What types of minimally invasive surgery are performed for pNETs?

Minimally invasive surgery for pancreatic neuroendocrine tumors (pNETs) utilizes laparoscopic and robotic techniques to remove tumors through small incisions. These approaches include enucleation for small lesions, distal pancreatectomy for tail tumors, and robotic-assisted Whipple procedures for head locations. Small incisions promote faster recovery and preserve healthy tissue.

  • Enucleation: Removes small tumors while sparing healthy tissue to maintain pancreatic function.
  • Distal pancreatectomy: Targets tumors in the tail or body using laparoscopic or robotic tools.
  • Central pancreatectomy: Excises mid-section tumors robotically to protect digestive functions and the duct.
  • Whipple procedure: Complex robotic surgery removes head tumors with high-definition 3D surgical precision.
  • Ablation techniques: Options like NanoKnife use irreversible electroporation to destroy non-functioning tumor cells.

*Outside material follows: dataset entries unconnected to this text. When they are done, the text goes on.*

lemma prob_min_action_deviation_ge:
  fixes c t :: real and L :: nat
  assumes "U \<subseteq> {1..L}" "0 < L" "n \<le> card U" "\<And>x. \<bar>f x\<bar> \<le> c" "c > 0" "t > 0"
  defines "g \<equiv> \<lambda>B. min_action (proj_U U B) f (card U) (int n)"
  shows "measure sign_seq_measure {B. t \<le> \<bar>g B - (\<integral>B'. min_action B' f (card U) (int n) \<partial>sign_seq_measure)\<bar>}
           \<le> 2 * exp (- 2 * t\<^sup>2 / (real L * (2*c)\<^sup>2))"
proof -
  define J where "J = {1..L}"
  have U: "finite U" using assms(1) finite_subset by blast
  have avg: "(\<integral>B'. min_action B' f (card U) (int n) \<partial>sign_seq_measure) = cube_avg J g"
    unfolding g_def J_def using assms(1) by (simp add: cube_avg_min_action_proj_U)
  define A where "A = {b. t \<le> \<bar>g b - cube_avg J g\<bar>}"
  have "g B = g (restrict B J)" for B
    unfolding g_def J_def using assms(1) by (intro min_action_proj_U_cong U) auto
  hence "{B. t \<le> \<bar>g B - cube_avg J g\<bar>} = {B. restrict B J \<in> A}"
    by (auto simp: A_def)
  moreover have "A \<inter> sign_vectors J = {b\<in>sign_vectors J. t \<le> \<bar>g b - cube_avg J g\<bar>}"
    by (auto simp: A_def)
  ultimately have "measure sign_seq_measure {B. t \<le> \<bar>g B - cube_avg J g\<bar>}
      = card {b\<in>sign_vectors J. t \<le> \<bar>g b - cube_avg J g\<bar>} / 2 ^ L"
    by (simp add: measure_restrict_preimage J_def)
  also have "\<dots> \<le> 2 * 2 ^ L * exp (- 2 * t\<^sup>2 / (real L * (2*c)\<^sup>2)) / 2 ^ L"
  proof (intro divide_right_mono)
    have "bounded_differences J (2 * c) g"
      unfolding g_def by (rule bounded_differences_min_action_proj_U[OF U assms(3,4)])
    thus "real (card {b\<in>sign_vectors J. t \<le> \<bar>g b - cube_avg J g\<bar>})
        \<le> 2 * 2 ^ L * exp (- 2 * t\<^sup>2 / (real L * (2*c)\<^sup>2))"
      using card_abs_deviation_ge_le[of J "2 * c" g t] assms by (simp add: J_def)
  qed simp
  finally show ?thesis by (simp add: avg)
qed

lemma prob_deviations_small_ge:
  fixes c \<kappa> l :: real and n :: nat
  assumes "c > 0" "0 < \<kappa>" "\<kappa> \<le> 2" "l > 1" "\<And>x. \<bar>f x\<bar> \<le> c" "n \<ge> 1"
  shows "1 - 2 * exp (- (n powr (\<kappa>/2))) \<le> measure sign_seq_measure
          {B \<in> space sign_seq_measure. \<forall>m\<in>{1..n}. \<forall>U\<in>U_family (nat \<lfloor>l * n\<rfloor>) n m.
             \<bar>min_action (proj_U U B) f (card U) (int n)
               - (\<integral>B'. min_action B' f (card U) (int n) \<partial>sign_seq_measure)\<bar>
             < deviation_threshold c \<kappa> l n m}"
    (is "_ \<le> measure _ ?good")
proof -
  define L where "L = nat \<lfloor>l * n\<rfloor>"
  define dev where "dev m U = {B. deviation_threshold c \<kappa> l n m \<le>
      \<bar>min_action (proj_U U B) f (card U) (int n)
        - (\<integral>B'. min_action B' f (card U) (int n) \<partial>sign_seq_measure)\<bar>}" for m U
  define bad where "bad = (\<Union>m\<in>{1..n}. \<Union>U\<in>U_family L n m. dev m U)"
  have "real n \<le> l * n" using assms by simp
  hence L: "n \<le> L" "real L \<le> l * n" by (auto simp: L_def le_nat_iff le_floor_iff)
  have fam: "U \<subseteq> {1..L}" "finite U" "n \<le> card U" if "U \<in> U_family L n m" for U m
    using U_family_memD[OF that] finite_subset[of U "{1..L}"] by auto
  have sets: "dev m U \<in> sets sign_seq_measure" if "U \<in> U_family L n m" for m U
    unfolding dev_def by (intro sets_min_action_proj_U fam[OF that])
  have dev: "measure sign_seq_measure (dev m U)
      \<le> 2 * exp (- 2 * (deviation_threshold c \<kappa> l n m)\<^sup>2 / (L * (2*c)\<^sup>2))"
    if "m \<in> {1..n}" "U \<in> U_family L n m" for m U
    unfolding dev_def
    by (rule prob_min_action_deviation_ge)
      (use assms that fam[OF that(2)] L in \<open>auto simp: deviation_threshold_def intro!: mult_pos_pos add_pos_pos\<close>)
  have "measure sign_seq_measure bad
      \<le> (\<Sum>m\<in>{1..n}. measure sign_seq_measure (\<Union>U\<in>U_family L n m. dev m U))"
    unfolding bad_def by (intro measure_UNION_le sets.finite_UN finite_U_family sets) auto
  also have "\<dots> \<le> (\<Sum>m\<in>{1..n}. \<Sum>U\<in>U_family L n m. measure sign_seq_measure (dev m U))"
    by (intro sum_mono measure_UNION_le finite_U_family sets)
  also have "\<dots> \<le> (\<Sum>m\<in>{1..n}. \<Sum>U\<in>U_family L n m.
                     2 * exp (- 2 * (deviation_threshold c \<kappa> l n m)\<^sup>2 / (L * (2*c)\<^sup>2)))"
    by (intro sum_mono dev)
  also have "\<dots> \<le> 2 * exp (- (n powr (\<kappa>/2)))"
    using sum_union_bound_le[of c \<kappa> l L n] assms L by simp
  finally have "measure sign_seq_measure bad \<le> 2 * exp (- (n powr (\<kappa>/2)))" .
  moreover have "bad \<in> sets sign_seq_measure"
    unfolding bad_def by (intro sets.finite_UN finite_U_family sets) auto
  moreover have "?good = space sign_seq_measure - bad"
    unfolding bad_def dev_def L_def by (simp add: set_eq_iff not_le)
  ultimately show ?thesis
    using sign_seq.prob_compl[of bad] by simp
qed

lemma tendsto_one_of_exp_lower_bound:
  fixes P :: "nat \<Rightarrow> real"
  assumes "p > 0" "\<And>n. n \<ge> 1 \<Longrightarrow> 1 - 2 * exp (- (real n powr p)) \<le> P n" "\<And>n. P n \<le> 1"
  shows "P \<longlonglongrightarrow> 1"
proof (rule tendsto_sandwich[OF _ _ _ tendsto_const])
  show "\<forall>\<^sub>F n in sequentially. 1 - 2 * exp (- (real n powr p)) \<le> P n"
    using assms(2) by (intro eventually_sequentiallyI[of 1])
  show "\<forall>\<^sub>F n in sequentially. P n \<le> 1"
    using assms(3) by simp
  show "(\<lambda>n. 1 - 2 * exp (- (real n powr p))) \<longlonglongrightarrow> 1"
    using assms(1) by real_asymp
qed

theorem mainTheorem18:
  fixes c \<kappa> :: real
  assumes "c > 0" and "0 < \<kappa>" and "\<kappa> < 1/3"
  shows "\<exists>c\<^sub>\<kappa> > 0. \<forall>l::real. l > 1 \<longrightarrow>
    (\<forall>f :: int \<Rightarrow> real. (\<forall>x. \<bar>f x\<bar> \<le> c) \<longrightarrow>
      ((\<lambda>n::nat. measure sign_seq_measure
          {B \<in> space sign_seq_measure.
             \<forall>m\<in>{1..n}. \<forall>U\<in>U_family (nat \<lfloor>l * real n\<rfloor>) n m.
               \<bar>min_action (proj_U U B) f (card U) (int n)
                 - (\<integral>B'. min_action B' f (card U) (int n) \<partial>sign_seq_measure)\<bar>
               < c\<^sub>\<kappa> * (real m / real n) powr (1/2 - \<kappa>/4) * l powr (1/2 + \<kappa>/4) * real n})
       \<longlonglongrightarrow> 1))"
  by (intro exI[of _ "c * sqrt (2 * (24 + 16/\<kappa>))"] conjI allI impI
        tendsto_one_of_exp_lower_bound[of "\<kappa>/2"] sign_seq.prob_le_1
        prob_deviations_small_ge[unfolded deviation_threshold_def])
     (use assms in \<open>auto simp: add_pos_pos\<close>)

end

Bookimed Expert Insight: Italian centers like San Raffaele specialize in high-volume care, performing over 52,000 annual operations. Since research hospitals here focus on rare immune and genetic conditions, they often utilize advanced robotic systems for pNETs. This technology increases the success of spleen-preserving distal pancreatectomies by offering superior dexterity in tight spaces.

Patient Consensus: Patients note that while recovery is faster, laparoscopic surgery still involves significant pain and drains. It is important to ask if the robotic approach is available to improve precision.